Before | Capítulo 6

domingo, julho 26, 2015 | | |


Narradora

- Rose? - Harry retornou a questionar, e dessa vez uma sobrancelha arqueada o acompanhava.

 A morena o fitou. O que ele faz aqui? Tudo bem que é uma biblioteca, mas ela relacionava o local como um lugar que Harry não escolheria para passar algum tempo, mesmo que por poucos minutos. A não ser pela biblioteca da escola, onde tinham que pegar livros para pesquisas quando precisavam. Olhou para Liam, ao seu lado, que tinha uma expressão entretida no rosto.

- Harry? O que faz aqui? - Rose finalmente perguntou.

- Não é óbvio? - Ele suspirou e explicou, quando os outros dois se entreolharam: - Lembra quando eu disse que gostaria de passar um tempo com você? A vi aqui dentro e, como está um gelo lá fora, decidi entrar para tomar algo quente - indicou a menina que servia café e chá na bancada mais a frente. Enfiou as mãos geladas e entorpecidas no bolso do casaco. - Não é nenhum crime. E você - se inclinou um pouco na direção de Liam -, vejo que sabe o quanto a companhia de Rose é agradável. Aliás... Atrapalho? - sorriu ladino.
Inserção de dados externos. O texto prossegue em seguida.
lemma continuous_on_comp_frac_unit_interval:
  fixes q :: "real \<Rightarrow> 'a::topological_space"
  assumes "continuous_on {0..1} q" "q 0 = q 1"
  shows "continuous_on {of_int m..of_int m + 1} (\<lambda>v. q (frac v))"
proof -
  have cont: "continuous_on {of_int m..of_int m + 1} (\<lambda>v. q (v - of_int m))"
    by (rule continuous_on_compose2[OF assms(1)]) (auto intro: continuous_intros)
  have eq: "q (frac v) = q (v - of_int m)" if "v \<in> {of_int m..of_int m + 1}" for v
  proof (cases "v = of_int m + 1")
    case True
    then show ?thesis
      using assms(2) by simp
  next
    case False
    with that have "frac v = v - of_int m"
      by (subst frac_unique_iff) auto
    then show ?thesis by simp
  qed
  show ?thesis
    by (rule continuous_on_eq[OF cont]) (simp add: eq)
qed

lemma isCont_comp_frac:
  fixes q :: "real \<Rightarrow> 'a::topological_space"
  assumes "continuous_on {0..1} q" "q 0 = q 1"
  shows "isCont (\<lambda>v. q (frac v)) x"
proof (rule continuous_on_interior)
  let ?m = "\<lfloor>x\<rfloor>"
  have "{of_int (?m - 1)..of_int (?m - 1) + 1} \<union> {of_int ?m..of_int ?m + 1} = {of_int ?m - 1..of_int ?m + 1 :: real}"
    by auto
  moreover have "continuous_on ({of_int (?m - 1)..of_int (?m - 1) + 1} \<union> {of_int ?m..of_int ?m + 1}) (\<lambda>v. q (frac v))"
    by (intro continuous_on_closed_Un continuous_on_comp_frac_unit_interval assms) auto
  ultimately show "continuous_on {of_int ?m - 1..of_int ?m + 1} (\<lambda>v. q (frac v))"
    by simp
  show "x \<in> interior {of_int ?m - 1..of_int ?m + 1}"
    by simp linarith
qed

lemma has_real_derivative_comp_frac:
  assumes "(q has_real_derivative D) (at (frac x))" "x \<notin> \<int>"
  shows "((\<lambda>v. q (frac v)) has_real_derivative D) (at x)"
proof -
  have "\<forall>\<^sub>F v in at x. \<lfloor>v\<rfloor> = \<lfloor>x\<rfloor>"
    by (rule eventually_floor_eq[OF tendsto_ident_at assms(2)])
  then have ev: "\<forall>\<^sub>F v in nhds x. q (frac v) = q (v - \<lfloor>x\<rfloor>)"
    unfolding eventually_at_filter by eventually_elim (auto simp: frac_def)
  have "((\<lambda>v. q (v - \<lfloor>x\<rfloor>)) has_real_derivative D * 1) (at x)"
    using assms(1) by (intro DERIV_chain2[where f = q]) (auto simp: frac_def intro!: derivative_eq_intros)
  then show ?thesis
    using DERIV_cong_ev[OF refl ev refl] by simp
qed

lemma obtain_dense_approximants:
  fixes g :: "'a::metric_space \<Rightarrow> 'b::metric_space"
  assumes "S \<subseteq> closure T" "\<And>n. a n \<in> S" "\<And>n. continuous (at (a n) within S) g" "T \<subseteq> S"
  obtains b where "\<And>n. b n \<in> T" "\<And>n. dist (b n) (a n) < inverse (Suc n)"
    "\<And>n. dist (g (b n)) (g (a n)) < inverse (Suc n)"
proof -
  have "\<exists>b. b \<in> T \<and> dist b (a n) < inverse (Suc n) \<and> dist (g b) (g (a n)) < inverse (Suc n)" for n
  proof -
    have pos: "0 < inverse (real (Suc n))"
      by simp
    obtain r where r: "r > 0" "\<forall>x\<in>S. dist x (a n) < r \<longrightarrow> dist (g x) (g (a n)) < inverse (Suc n)"
      using assms(3)[of n, unfolded continuous_within_eps_delta, rule_format, OF pos] by blast
    have "a n \<in> closure T" "0 < min r (inverse (Suc n))"
      using assms(1,2) r(1) by auto
    then obtain b where "b \<in> T" "dist b (a n) < min r (inverse (Suc n))"
      unfolding closure_approachable by blast
    with r assms(4) show ?thesis
      by auto
  qed
  then show ?thesis
    using that by metis
qed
- Na verdade... - começou Liam, em seguida voltou-se para Rose. Ela era tão pequena perto dele; ele gostava de seu jeito meigo e delicado, até às vezes atrevido, e amigo também. - Queria saber se gostaria de ir comigo no Royal Shakespeare Theatre, irão fazer uma apresentação de Hamlet amanhã. Temos 4 ingressos, eu, minha avó e meu avô estamos a procura da quarta pessoa para ir conosco.

- Amanhã? - ela mordeu o lábio inferior. - Tenho que ir trabalhar na padaria. Que horas que vai ser?

- Começa às 17:30h.

- Acho que consigo sair um pouco mais cedo amanhã. Eu vou - sorriu, já pensando que ainda teria que pedir a permissão do pai.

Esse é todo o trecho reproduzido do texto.